Those who represent in their very persons the greatness of America should be modest, but never humble. Obama is a fool, not because of any lack of ability or measurable intellect, but because he does not understand his job. All of his understanding of symbolism involves only words.
Most recently Obama has said that such and such a terrorist -- soon to be put on civilian trail in the very city of his, and Islam's, greatest triumph ... said Sheik of Falling Towers will definitely be convicted. Failure is not an option. So what's the message to the world? We're so enlightened and soft that we give terrorists full Constitutional rights. At the same time, the verdict is certain. Hm. But it's not a mixed message at all. Soft people are corrupt.
As a certain senator has observed, OJ got off. All it takes is a stupid jury. By giving Khalid Sheikh Mohammed his day in civilian court, the Obama administration sets the puppet stage, a Punch and Judy farce, except that farce is funny and this is a complete tragedy. Nine Eleven, as I have always said, was not a tragedy but an atrocity. An obvious distinction once it's made. This is a tragedy, again, because it brings on the dark fate of a man's flawed character. Man, or nation. When true confessions have been made, the path of justice is clear. Process should become secondary. Here, there is such a love of form over substance, verbiage over integrity, that we'll have to sit through a clamorous shadow play, Javanese in its incomprehensibility.

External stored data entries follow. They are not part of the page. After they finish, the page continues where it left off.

(* Let $R$ be a commutative ring with nonzero identity, $S$ a multiplicatively closed subset of $R$, and $\delta$ an expansion of ideals of $R$; let $\delta_S$ be the expansion of ideals of $S^{-1}R$ given by $\delta_S(S^{-1}I)=S^{-1}(\delta(I))$. Let $I$ be an ideal of $R$. (1) If $I$ is a $\delta$-$n$-ideal of $R$ with $I\cap S=\emptyset$, then $S^{-1}I$ is a $\delta_S$-$n$-ideal of $S^{-1}R$. (2) If $S\cap Z(R)=S\cap Z_{\delta(I)}(R)=\emptyset$ and $S^{-1}I$ is a $\delta_S$-$n$-ideal of $S^{-1}R$, then $I$ is a $\delta$-$n$-ideal of $R$.
   Context: An expansion of ideals of a ring $R$ is a map $\delta$ from the set of ideals of $R$ to itself such that $I\subseteq\delta(I)$ for every ideal $I$, and $\delta(I)\subseteq\delta(J)$ whenever $I\subseteq J$. $\sqrt{0}$ denotes the nilradical of the ring in question. Given an expansion $\delta$ of ideals of a ring $R$, a proper ideal $I$ of $R$ is a $\delta$-$n$-ideal if whenever $a,b\in R$ with $ab\in I$ and $a\notin\sqrt{0}$, then $b\in\delta(I)$. $Z(R)$ denotes the set of zero-divisors of $R$, and for a proper ideal $J$ of $R$, $Z_J(R)=\{r\in R: rs\in J \text{ for some } s\in R\setminus J\}$. *)

theory Defs
  imports "HOL-Algebra.Algebra"
begin

definition mult_closed :: "('a, 'b) ring_scheme \<Rightarrow> 'a set \<Rightarrow> bool" where
  "mult_closed R S \<longleftrightarrow> S \<subseteq> carrier R \<and> \<one>\<^bsub>R\<^esub> \<in> S \<and>
     (\<forall>s\<in>S. \<forall>t\<in>S. s \<otimes>\<^bsub>R\<^esub> t \<in> S)"

definition loc_rel :: "('a, 'b) ring_scheme \<Rightarrow> 'a set \<Rightarrow> (('a \<times> 'a) \<times> ('a \<times> 'a)) set" where
  "loc_rel R S = {((a, s), (b, t)). a \<in> carrier R \<and> b \<in> carrier R \<and> s \<in> S \<and> t \<in> S \<and>
     (\<exists>u\<in>S. u \<otimes>\<^bsub>R\<^esub> ((t \<otimes>\<^bsub>R\<^esub> a) \<ominus>\<^bsub>R\<^esub> (s \<otimes>\<^bsub>R\<^esub> b)) = \<zero>\<^bsub>R\<^esub>)}"

definition frac :: "('a, 'b) ring_scheme \<Rightarrow> 'a set \<Rightarrow> 'a \<Rightarrow> 'a \<Rightarrow> ('a \<times> 'a) set" where
  "frac R S a s = loc_rel R S `` {(a, s)}"

definition loc_add :: "('a, 'b) ring_scheme \<Rightarrow> 'a set \<Rightarrow> ('a \<times> 'a) set \<Rightarrow> ('a \<times> 'a) set \<Rightarrow> ('a \<times> 'a) set" where
  "loc_add R S U V = the_elem {z. \<exists>a s b t. (a, s) \<in> U \<and> (b, t) \<in> V \<and>
      z = frac R S ((a \<otimes>\<^bsub>R\<^esub> t) \<oplus>\<^bsub>R\<^esub> (b \<otimes>\<^bsub>R\<^esub> s)) (s \<otimes>\<^bsub>R\<^esub> t)}"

Ours is not a system of justice, nor a system of laws, nor even of process. It's not the legal system, it's the lawyer system. That says it all. No large, and perhaps no great nation can have a true justice system. As with a healthcare system, competence is always about the individual, and almost never about the bureaucracy.
I'm in a declarative statement sort of mood. Very Oscar Wilde tonight. My point is that given the clarity, of admitted guilt, and given the clarity of military justice, why has Obama set about subjecting us to this medicine show? It's enough to make me sick.
What a fool. What a fool. Like children dressing up in grown-ups clothes. Not oversized. They fit, tailored. Elegant, really. But it's playing. Silly people pretending. Surprised when the let's-say game of supposing has real-world consequences that represent reality rather than theory. But I'm repeating myself. It's almost as if I'm in love with the sound of my own oratory, and the variegated manifestations of my iterations.
This is why I write so little about politics anymore. It may be that Bush did not tend to exigent problems, focused on too narrow a thing. The current occupant of the White House is spraying gasoline rather than water on a conflagration. What a fool.